While Donald Trump quite regularly refers to either bringing jobs back to America or keeping jobs in America, a paper by Carl Frey and Michael Osborne shows that outsourcing jobs to foreign shores may not be the only mechanism that is keeping Americans unemployment at elevated levels, particularly in manufacturing and the service sector.
In their paper entitled "The Future of Employment: How Susceptible are Jobs to Computerization?", the authors looked at the probability of computerization for 702 "detailed occupations" with the ultimate goal of looking at the number of jobs at risk in the future and the relationship between an occupation's probability of computerization, wages and educational level. Using recent advances in machine learning (ML) and mobile robotics (MR), the authors develop a method by which they can categorize the aforementioned 702 occupations by their susceptibility to computerization.
The "Computer Revolution" began in the 1960s with the first commercial use of the massive, room-filling computing machines of the time. The first industrial robot was introduced in the 1960s by General Motors and during the 1980s and 1990s, computing costs declined by an average of 64 percent annually at the same time as computing power surged. Bar code scanners and ATMs became ubiquitous, eliminating some jobs in retail and the banking sector and with the introduction of the first personal computers in the early 1908s, jobs in the clerical world both changed and were eliminated. The adoption of computerization had a significant impact on wages with a 1993 study showing that workers using a computer earning 10 to 15 percent more than other occupations, a situation that sent many Americans (and others) back to school for further education. This has resulted in a polarized labour market with growth in low-income manual occupations that have been resistant to computerization and high-income cognitive jobs and a decline in the number of Americans (and others) employed in middle-income routine jobs. As well, high-skilled workers have moved down the occupational ladder and have taken jobs that were traditionally performed by low-skilled workers, pushing at least some of those low-skilled workers right out of the labour force.
The authors focus on two types of computerization;
1.) machine learning (ML) which includes data mining, machine vision, computational statistics and other fields related to the development of artificial intelligence. Advances in these fields have brought us things like Apple's Siri which can recognize spoken word and speech recognition/voice response systems which are used in automated call centres.
2.) mobile robotics (MR) which leverages ML technologies so that robotic technology can perform the routine tasks involved in manufacturing. One prime example is the development of driverless vehicles by Google and the development of robots that can climb and maintain wind turbine towers by General Electric.
Over the past decades, robot prices have fallen by about ten percent annually, putting them in the hands of more users. On a global basis, according to the International Federation of Robots, industrial robot sales grew by 15 percent on a year-over-year basis in 2015, hitting a record of 253,748 units with China having a 27 percent share of the total supply in 2015. The biggest growth was in the electronics industry with a 41 percent increase, the metal industry with a 39 percent increase and the plastics and rubber industry with a 16 percent increase.
Now, let's look at the impact of computerization on employment.
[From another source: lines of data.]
(* Let $(\mathcal{C},\mathbb{E},\mathfrak{s})$ satisfy (ET1) and (ET2), and let $\mathcal{I}$ be a special precovering ideal of $\mathcal{C}$. Then $(\mathcal{I},\mathcal{I}^{\perp_{\mathbb{E}}})$ is an $\mathbb{E}$-cotorsion pair, i.e. $\mathcal{I}={}^{\perp_{\mathbb{E}}}(\mathcal{I}^{\perp_{\mathbb{E}}})$.
   Context: $\mathcal{C}$ additive, $\mathbb{E}:\mathcal{C}^{\mathrm{op}}\times\mathcal{C}\to\mathrm{Ab}$ biadditive (ET1); for $\delta\in\mathbb{E}(C,A)$, $a:A\to A'$, $c:C'\to C$ put $a_\star\delta=\mathbb{E}(C,a)(\delta)$, $c^\star\delta=\mathbb{E}(c,A)(\delta)$. (ET2): $\mathfrak{s}$ is an additive realization (Nakaoka–Palu): each $\delta\in\mathbb{E}(C,A)$ is assigned an equivalence class of sequences $A\xrightarrow{x}B\xrightarrow{y}C$ (up to isomorphism of the middle term compatible with the maps), $0$ is realized by split sequences, realization respects direct sums, and if $a_\star\delta=c^\star\delta'$ ($a:A\to A'$, $c:C\to C'$) there is $b:B\to B'$ making the realizing sequences commute. Realized pairs are $\mathbb{E}$-triangles $A\to B\to C\overset{\delta}{\dashrightarrow}$; such $(a,b,c)$ are morphisms of $\mathbb{E}$-triangles. An ideal: class of morphisms with zeros, closed under sums and two-sided composition. For a class $\mathcal{M}$ of morphisms: $\mathcal{M}^{\perp_{\mathbb{E}}}=\{g:A\to Y\mid m^\star g_\star\delta=0\ \forall m\in\mathcal{M},\,m:X\to C,\ \forall\delta\in\mathbb{E}(C,A)\}$ and ${}^{\perp_{\mathbb{E}}}\mathcal{M}=\{g:X\to C\mid g^\star m_\star\delta=0\ \forall m\in\mathcal{M},\,m:A\to Y,\ \forall\delta\in\mathbb{E}(C,A)\}$. An $\mathbb{E}$-cotorsion pair is a pair of ideals $(\mathcal{I},\mathcal{J})$ with $\mathcal{I}={}^{\perp_{\mathbb{E}}}\mathcal{J}$ and $\mathcal{J}=\mathcal{I}^{\perp_{\mathbb{E}}}$. A special $\mathcal{I}$-precover of $C$ is $i:X\to C$ in $\mathcal{I}$ with $\mathbb{E}$-triangles $A\to B\to C\overset{\delta}{\dashrightarrow}$, $A'\to X\xrightarrow{i}C\overset{\delta'}{\dashrightarrow}$ and a morphism of $\mathbb{E}$-triangles $(j,b,\mathrm{id}_C)$ between them with $j\in\mathcal{I}^{\perp_{\mathbb{E}}}$. $\mathcal{I}$ is special precovering if every object has a special $\mathcal{I}$-precover. *)

theory Defs
  imports "HOL-Algebra.Group"
begin

record ('o, 'm) addcat =
  Ob   :: "'o set"
  Mor  :: "'m set"
  Dom  :: "'m \<Rightarrow> 'o"
  Cod  :: "'m \<Rightarrow> 'o"
  Id   :: "'o \<Rightarrow> 'm"
  Comp :: "'m \<Rightarrow> 'm \<Rightarrow> 'm"   (* Comp C g f = g o f *)
  Add  :: "'m \<Rightarrow> 'm \<Rightarrow> 'm"
  Zero :: "'o \<Rightarrow> 'o \<Rightarrow> 'm"   (* Zero C X Y : X \<rightarrow> Y *)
Obviously, there are some occupations that will be more difficult to computerize than others due to certain bottlenecks as shown here:
Here is a graphic showing the probability of computerization (low, medium and high) for the Bureau of Labor Statistics occupational groupings:
Note that the jobs of 47 percent of workers in the United States have a high probability of computerization and only 33 percent have a low probability of computerization. In general, science and engineering occupations have a low susceptibility to computerization because they require a high degree of creative intelligence. Occupations including health care, education, management, business and finance, arts and media are also less likely to be computerized because they require a thorough understanding of social intelligence that cannot (at least at this point in time) be duplicated with a robot. The authors suggest that the high probability service,sales, office and administrative support occupations (among others) are likely to find human capital substituted by computer capital relatively soon. As the advantages of human dexterity and mobility diminish as robot evolution progresses, the pace of human - computer labour substitution will grow. Even jobs like personal and household services are increasingly using robots with the market forecast to grow by 23.5 percent annually between 2015 and 2020.
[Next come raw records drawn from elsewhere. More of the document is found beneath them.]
(* Let $G=(V,E)$ be an undirected graph having a strongly connected orientation. A strongly connected orientation of $G$ is decreasingly minimal among the strongly connected orientations of $G$ if and only if it is increasingly maximal among them.
   Context: An orientation's in-degree vector is $(\varrho_D(v))_{v\in V}$, $\varrho_D(v)$ the number of arcs with head $v$. Decreasingly minimal: largest in-degree as small as possible within the class, then second largest, etc. Increasingly maximal: smallest in-degree as large as possible within the class, then second smallest, etc. *)

theory Defs
  imports Main "HOL-Library.Multiset"
begin

text \<open>An undirected (multi)graph is given by a finite vertex set V, a finite
edge set E and an endpoint map ep; edge e joins fst (ep e) and snd (ep e).
Parallel edges are allowed (distinct edges may have the same endpoints).\<close>

definition ugraph :: "'v set \<Rightarrow> 'e set \<Rightarrow> ('e \<Rightarrow> 'v \<times> 'v) \<Rightarrow> bool" where
  "ugraph V E ep \<longleftrightarrow> finite V \<and> finite E \<and>
     (\<forall>e\<in>E. fst (ep e) \<in> V \<and> snd (ep e) \<in> V)"

text \<open>An orientation assigns to every edge a (tail, head) pair, which is
one of the two orderings of its endpoints.\<close>

definition is_orientation :: "'e set \<Rightarrow> ('e \<Rightarrow> 'v \<times> 'v) \<Rightarrow> ('e \<Rightarrow> 'v \<times> 'v) \<Rightarrow> bool" where
  "is_orientation E ep D \<longleftrightarrow> (\<forall>e\<in>E. D e = ep e \<or> D e = prod.swap (ep e))"

definition arcs :: "'e set \<Rightarrow> ('e \<Rightarrow> 'v \<times> 'v) \<Rightarrow> ('v \<times> 'v) set" where
  "arcs E D = D ` E"

definition strongly_connected :: "'v set \<Rightarrow> 'e set \<Rightarrow> ('e \<Rightarrow> 'v \<times> 'v) \<Rightarrow> bool" where
  "strongly_connected V E D \<longleftrightarrow> (\<forall>u\<in>V. \<forall>v\<in>V. (u, v) \<in> (arcs E D)\<^sup>*)"

definition strong_orientations ::
  "'v set \<Rightarrow> 'e set \<Rightarrow> ('e \<Rightarrow> 'v \<times> 'v) \<Rightarrow> ('e \<Rightarrow> 'v \<times> 'v) set" where
  "strong_orientations V E ep = {D. is_orientation E ep D \<and> strongly_connected V E D}"

definition indeg :: "'e set \<Rightarrow> ('e \<Rightarrow> 'v \<times> 'v) \<Rightarrow> 'v \<Rightarrow> nat" where
  "indeg E D v = card {e \<in> E. snd (D e) = v}"

definition indeg_inc :: "'v set \<Rightarrow> 'e set \<Rightarrow> ('e \<Rightarrow> 'v \<times> 'v) \<Rightarrow> nat list" where
  "indeg_inc V E D = sorted_list_of_multiset (image_mset (indeg E D) (mset_set V))"

definition indeg_dec :: "'v set \<Rightarrow> 'e set \<Rightarrow> ('e \<Rightarrow> 'v \<times> 'v) \<Rightarrow> nat list" where
  "indeg_dec V E D = rev (indeg_inc V E D)"

definition lex_le :: "nat list \<Rightarrow> nat list \<Rightarrow> bool" where
  "lex_le xs ys \<longleftrightarrow> xs = ys \<or> (xs, ys) \<in> lexord {(a, b). a < b}"

definition dec_min :: "'v set \<Rightarrow> 'e set \<Rightarrow> ('e \<Rightarrow> 'v \<times> 'v) set \<Rightarrow> ('e \<Rightarrow> 'v \<times> 'v) \<Rightarrow> bool" where
  "dec_min V E C D \<longleftrightarrow> D \<in> C \<and> (\<forall>D'\<in>C. lex_le (indeg_dec V E D) (indeg_dec V E D'))"

definition inc_max :: "'v set \<Rightarrow> 'e set \<Rightarrow> ('e \<Rightarrow> 'v \<times> 'v) set \<Rightarrow> ('e \<Rightarrow> 'v \<times> 'v) \<Rightarrow> bool" where
  "inc_max V E C D \<longleftrightarrow> D \<in> C \<and> (\<forall>D'\<in>C. lex_le (indeg_inc V E D') (indeg_inc V E D))"

end

(*
  Call a strongly connected orientation locally balanced if no strongly connected
  orientation arises from it by moving one unit of in-degree from a vertex a to a
  vertex b with indeg a >= indeg b + 2. Such a move strictly improves both the
  decreasing and the increasing in-degree sequence, so decreasingly minimal and
  increasingly maximal orientations are locally balanced.

  Conversely, let D1 be locally balanced and D2 strongly connected. If D2 has smaller
  in-degree than D1 at u, then reversing a suitable path of D1 moves a unit of
  in-degree from u to a vertex v where D2 has larger in-degree than D1 and keeps the
  orientation strongly connected: it suffices that no tight set (a set entered by a
  single arc of D1) contains u but not v, and submodularity of the in-degree of sets
  provides such a v. Applying this exchange to D2 and to D1, local balance of D1 lets
  us move D2 towards D1 by unit shifts that never worsen either sorted in-degree
  sequence, so D1 is optimal in both senses.
*)

theory Submission
  imports Defs
begin

section \<open>Sorted in-degree sequences\<close>

definition lex_less :: "'a::linorder list \<Rightarrow> 'a list \<Rightarrow> bool" where
  "lex_less xs ys \<longleftrightarrow> (xs, ys) \<in> lexord {(a, b). a < b}"

lemma lex_le_iff_lex_less: "lex_le xs ys \<longleftrightarrow> xs = ys \<or> lex_less xs ys"
  by (simp add: lex_le_def lex_less_def)

lemma trans_lexord_less: "trans (lexord {(a, b :: 'a::linorder). a < b})"
  by (rule lexord_transI) (auto simp: trans_def)

lemma lex_le_trans: "lex_le xs ys \<Longrightarrow> lex_le ys zs \<Longrightarrow> lex_le xs zs"
  unfolding lex_le_def using trans_lexord_less by (auto dest: transD)

lemma lex_less_not_lex_le: "lex_less xs ys \<Longrightarrow> \<not> lex_le ys xs"
proof
  assume "lex_less xs ys" "lex_le ys xs"
  then have "(xs, xs) \<in> lexord {(a, b). a < b}"
    unfolding lex_le_iff_lex_less lex_less_def using trans_lexord_less by (auto dest: transD)
  then show False by (simp add: lexord_irreflexive)
qed

lemma sorted_list_of_multiset_split:
  assumes "M = A + B" "\<forall>x\<in>#A. \<forall>y\<in>#B. x \<le> y"
  shows "sorted_list_of_multiset M = sorted_list_of_multiset A @ sorted_list_of_multiset B"
proof -
  let ?xs = "sorted_list_of_multiset A @ sorted_list_of_multiset B"
  have "sorted ?xs" using assms(2) by (simp add: sorted_append)
  then have "sort ?xs = ?xs" by (rule sorted_sort_id)
  then show ?thesis
    by (metis assms(1) mset_append mset_sorted_list_of_multiset sorted_list_of_multiset_mset)
qed

lemma sorted_list_of_multiset_ConsE:
  assumes "M \<noteq> {#}"
  obtains c xs where "sorted_list_of_multiset M = c # xs" "c \<in># M"
proof -
  have "sorted_list_of_multiset M \<noteq> []"
    using assms by (metis mset.simps(1) mset_sorted_list_of_multiset)
  then show thesis
    using that by (metis list.exhaust list.set_intros(1) set_sorted_list_of_multiset)
qed

lemma rev_sorted_list_of_multiset_ConsE:
  assumes "M \<noteq> {#}"
  obtains c xs where "rev (sorted_list_of_multiset M) = c # xs" "c \<in># M"
proof -
  have "rev (sorted_list_of_multiset M) \<noteq> []"
    using assms by (metis Nil_is_rev_conv mset.simps(1) mset_sorted_list_of_multiset)
  then show thesis
    using that by (metis list.exhaust list.set_intros(1) set_rev set_sorted_list_of_multiset)
qed

lemma lex_less_sorted_list_of_multiset_raise:
  fixes a :: "'a::linorder"
  assumes "B \<noteq> {#}" "\<forall>x\<in>#A. a < x" "\<forall>x\<in>#B. a < x"
  shows "lex_less (sorted_list_of_multiset (N + add_mset a A)) (sorted_list_of_multiset (N + B))"
proof -
  define Nlo where "Nlo = filter_mset (\<lambda>x. x \<le> a) N"
  define Nhi where "Nhi = filter_mset (\<lambda>x. \<not> x \<le> a) N"
  have N: "N = Nlo + Nhi" unfolding Nlo_def Nhi_def by (rule multiset_partition)
  have "N + add_mset a A = add_mset a Nlo + (Nhi + A)" by (simp add: N)
  then have "sorted_list_of_multiset (N + add_mset a A)
      = sorted_list_of_multiset (add_mset a Nlo) @ sorted_list_of_multiset (Nhi + A)"
    by (rule sorted_list_of_multiset_split) (use assms(2) in \<open>auto simp: Nlo_def Nhi_def\<close>)
  also have "sorted_list_of_multiset (add_mset a Nlo)
      = sorted_list_of_multiset Nlo @ sorted_list_of_multiset {#a#}"
    by (rule sorted_list_of_multiset_split) (auto simp: Nlo_def)
  finally have lhs: "sorted_list_of_multiset (N + add_mset a A)
      = sorted_list_of_multiset Nlo @ a # sorted_list_of_multiset (Nhi + A)" by simp
  have "N + B = Nlo + (Nhi + B)" by (simp add: N)
  then have rhs: "sorted_list_of_multiset (N + B)
      = sorted_list_of_multiset Nlo @ sorted_list_of_multiset (Nhi + B)"
    by (rule sorted_list_of_multiset_split) (use assms(3) in \<open>auto simp: Nlo_def Nhi_def\<close>)
  have "Nhi + B \<noteq> {#}" using assms(1) by simp
  then obtain c xs where c: "sorted_list_of_multiset (Nhi + B) = c # xs" "c \<in># Nhi + B"
    by (rule sorted_list_of_multiset_ConsE)
  have "a < c" using c(2) assms(3) by (auto simp: Nhi_def)
  then show ?thesis unfolding lex_less_def lhs rhs c(1) by (simp add: lexord_append_leftI)
qed

lemma lex_less_rev_sorted_list_of_multiset_lower:
  fixes b :: "'a::linorder"
  assumes "B \<noteq> {#}" "\<forall>x\<in>#A. x < b" "\<forall>x\<in>#B. x < b"
  shows "lex_less (rev (sorted_list_of_multiset (N + B)))
                  (rev (sorted_list_of_multiset (N + add_mset b A)))"
proof -
  define Nlo where "Nlo = filter_mset (\<lambda>x. x < b) N"
  define Nhi where "Nhi = filter_mset (\<lambda>x. \<not> x < b) N"
  have N: "N = Nlo + Nhi" unfolding Nlo_def Nhi_def by (rule multiset_partition)
  have "N + add_mset b A = (Nlo + A) + add_mset b Nhi" by (simp add: N)
  then have "sorted_list_of_multiset (N + add_mset b A)
      = sorted_list_of_multiset (Nlo + A) @ sorted_list_of_multiset (add_mset b Nhi)"
    by (rule sorted_list_of_multiset_split) (use assms(2) in \<open>auto simp: Nlo_def Nhi_def\<close>)
  also have "sorted_list_of_multiset (add_mset b Nhi)
      = sorted_list_of_multiset {#b#} @ sorted_list_of_multiset Nhi"
    by (rule sorted_list_of_multiset_split) (auto simp: Nhi_def)
  finally have lhs: "rev (sorted_list_of_multiset (N + add_mset b A))
      = rev (sorted_list_of_multiset Nhi) @ b # rev (sorted_list_of_multiset (Nlo + A))" by simp
  have "N + B = (Nlo + B) + Nhi" by (simp add: N)
  then have "sorted_list_of_multiset (N + B)
      = sorted_list_of_multiset (Nlo + B) @ sorted_list_of_multiset Nhi"
    by (rule sorted_list_of_multiset_split) (use assms(3) in \<open>auto simp: Nlo_def Nhi_def\<close>)
  then have rhs: "rev (sorted_list_of_multiset (N + B))
      = rev (sorted_list_of_multiset Nhi) @ rev (sorted_list_of_multiset (Nlo + B))" by simp
  have "Nlo + B \<noteq> {#}" using assms(1) by simp
  then obtain c xs where c: "rev (sorted_list_of_multiset (Nlo + B)) = c # xs" "c \<in># Nlo + B"
    by (rule rev_sorted_list_of_multiset_ConsE)
  have "c < b" using c(2) assms(3) by (auto simp: Nlo_def)
  then show ?thesis unfolding lex_less_def lhs rhs c(1) by (simp add: lexord_append_leftI)
qed

definition unit_shift :: "('a \<Rightarrow> nat) \<Rightarrow> 'a \<Rightarrow> 'a \<Rightarrow> ('a \<Rightarrow> nat) \<Rightarrow> bool" where
  "unit_shift f a b g \<longleftrightarrow>
     a \<noteq> b \<and> g a + 1 = f a \<and> g b = f b + 1 \<and> (\<forall>w. w \<noteq> a \<longrightarrow> w \<noteq> b \<longrightarrow> g w = f w)"

lemma unit_shiftI:
  assumes "a \<noteq> b" "\<And>w. int (g w) = int (f w) - of_bool (w = a) + of_bool (w = b)"
  shows "unit_shift f a b g"
proof -
  have "int (g a) + 1 = int (f a)" "int (g b) = int (f b) + 1"
    using assms(1) assms(2)[of a] assms(2)[of b] by auto
  moreover have "g w = f w" if "w \<noteq> a" "w \<noteq> b" for w
    using assms(2)[of w] that by simp
  ultimately show ?thesis using assms(1) unfolding unit_shift_def by simp
qed

lemma image_mset_unit_shift:
  assumes "finite V" "a \<in> V" "b \<in> V" "unit_shift f a b g"
  shows "image_mset f (mset_set V) = image_mset f (mset_set (V - {a, b})) + {#f a, f b#}"
    and "image_mset g (mset_set V) = image_mset f (mset_set (V - {a, b})) + {#f a - 1, f b + 1#}"
proof -
  have ab: "a \<noteq> b" using assms(4) by (simp add: unit_shift_def)
  have "mset_set (insert a (insert b (V - {a, b}))) = mset_set (V - {a, b}) + {#a, b#}"
    using assms(1) ab by simp
  moreover have "insert a (insert b (V - {a, b})) = V" using assms(2,3) by auto
  ultimately have V: "mset_set V = mset_set (V - {a, b}) + {#a, b#}" by simp
  then show "image_mset f (mset_set V) = image_mset f (mset_set (V - {a, b})) + {#f a, f b#}"
    by simp
  have "image_mset g (mset_set (V - {a, b})) = image_mset f (mset_set (V - {a, b}))"
    using assms(1,4) by (intro image_mset_cong) (auto simp: unit_shift_def)
  with V assms(4) show "image_mset g (mset_set V)
      = image_mset f (mset_set (V - {a, b})) + {#f a - 1, f b + 1#}"
    by (auto simp: unit_shift_def)
qed

lemma sum_diff_unit_shift_less:
  assumes "finite V" "v \<in> V" "unit_shift f v u g" "h v < f v" "f u < h u"
  shows "(\<Sum>x\<in>V. g x - h x) < (\<Sum>x\<in>V. f x - h x)"
proof (rule sum_strict_mono_ex1[OF assms(1)])
  show "\<forall>x\<in>V. g x - h x \<le> f x - h x"
  proof
    fix x
    show "g x - h x \<le> f x - h x"
      using assms(3,5) unfolding unit_shift_def by (cases "x = v"; cases "x = u") auto
  qed
  show "\<exists>x\<in>V. g x - h x < f x - h x"
    using assms(2-4) by (intro bexI[of _ v]) (auto simp: unit_shift_def)
qed

lemma indeg_unit_shift_lex_less:
  assumes "finite V" "a \<in> V" "b \<in> V" "unit_shift (indeg E D) a b (indeg E D')"
    and "indeg E D b + 2 \<le> indeg E D a"
  shows "lex_less (indeg_inc V E D) (indeg_inc V E D')"
    and "lex_less (indeg_dec V E D') (indeg_dec V E D)"
proof -
  let ?N = "image_mset (indeg E D) (mset_set (V - {a, b}))"
  let ?new = "{#indeg E D a - 1, indeg E D b + 1#}"
  have old: "image_mset (indeg E D) (mset_set V) = ?N + add_mset (indeg E D b) {#indeg E D a#}"
    and old': "image_mset (indeg E D) (mset_set V) = ?N + add_mset (indeg E D a) {#indeg E D b#}"
    using image_mset_unit_shift(1)[OF assms(1-4)] by (simp_all add: add_mset_commute)
  have new: "image_mset (indeg E D') (mset_set V) = ?N + ?new"
    by (rule image_mset_unit_shift(2)[OF assms(1-4)])
  show "lex_less (indeg_inc V E D) (indeg_inc V E D')"
    unfolding indeg_inc_def old new
    by (rule lex_less_sorted_list_of_multiset_raise) (use assms(5) in auto)
  show "lex_less (indeg_dec V E D') (indeg_dec V E D)"
    unfolding indeg_dec_def indeg_inc_def old' new
    by (rule lex_less_rev_sorted_list_of_multiset_lower) (use assms(5) in auto)
qed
Here are two tables showing the probability of computerization for various wage and educational levels:
As you can see, the probability of computerization rises as median wage drops and as educational attainment drops.
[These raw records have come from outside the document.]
(* For every set $X \subseteq \mathbb N$ of natural numbers there exists a (countable) homogeneous relational structure $\mathbb A_X$ such that membership in $X$ is many-one reducible (by a computable reduction) to the induced substructure problem for $\mathbb A_X$.
   Context: A relational structure $\mathbb A$ is homogeneous if every isomorphism between two finite induced substructures of $\mathbb A$ extends to an automorphism of $\mathbb A$. The induced substructure problem for $\mathbb A$ asks, given a finite structure over the same vocabulary, whether it is isomorphic to an induced substructure of $\mathbb A$. *)

theory Defs
  imports Main "HOL-Library.Nat_Bijection"
begin

datatype recf = Zero | Succ | Proj nat | Comp recf "recf list" | Prim recf recf | Mn recf

inductive evalr :: "recf \<Rightarrow> nat list \<Rightarrow> nat \<Rightarrow> bool" where
  ev_zero: "evalr Zero xs 0"
| ev_succ: "evalr Succ (x # xs) (Suc x)"
| ev_proj: "i < length xs \<Longrightarrow> evalr (Proj i) xs (xs ! i)"
| ev_comp: "list_all2 (\<lambda>g y. evalr g xs y) gs ys \<Longrightarrow> evalr f ys z \<Longrightarrow> evalr (Comp f gs) xs z"
| ev_prim0: "evalr f xs z \<Longrightarrow> evalr (Prim f g) (0 # xs) z"
| ev_primS: "evalr (Prim f g) (n # xs) y \<Longrightarrow> evalr g (y # n # xs) z
             \<Longrightarrow> evalr (Prim f g) (Suc n # xs) z"
| ev_mn: "evalr f (n # xs) 0 \<Longrightarrow> (\<forall>m<n. \<exists>k. evalr f (m # xs) (Suc k))
          \<Longrightarrow> evalr (Mn f) xs n"

definition computable :: "(nat \<Rightarrow> nat) \<Rightarrow> bool" where
  "computable f \<longleftrightarrow> (\<exists>r. \<forall>n. evalr r [n] (f n))"

text \<open>A (finite) relational vocabulary is a list of arities: symbol i < length sig has arity sig!i.
  A structure has a carrier set and an interpretation of each symbol as a predicate on tuples.\<close>
record 'a rstruct =
  carrier :: "'a set"
  rel :: "nat \<Rightarrow> 'a list \<Rightarrow> bool"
If you are interested in a detailed listing of the probability of computerization for each of the 702 occupations, you can find the listing at the end of the article. Here are two screen captures showing the least susceptible and the most susceptible occupations for your information:
1.) Least susceptible:
2.) Most susceptible:
From this study, we can see that automation/robotics/technology bears and will continue to bear at least some responsibility for the persistence in high real unemployment rates (i.e. not the U-3 rate that is touted by the Bureau of Labor Statistics as its measure of employment health). Unless America's employers are willing to shun the latest in both machine learning and mobile robotics, employment growth in the United States labour force will continue to be constrained even if overseas jobs are repatriated and Donald Trump successfully keeps some jobs in America.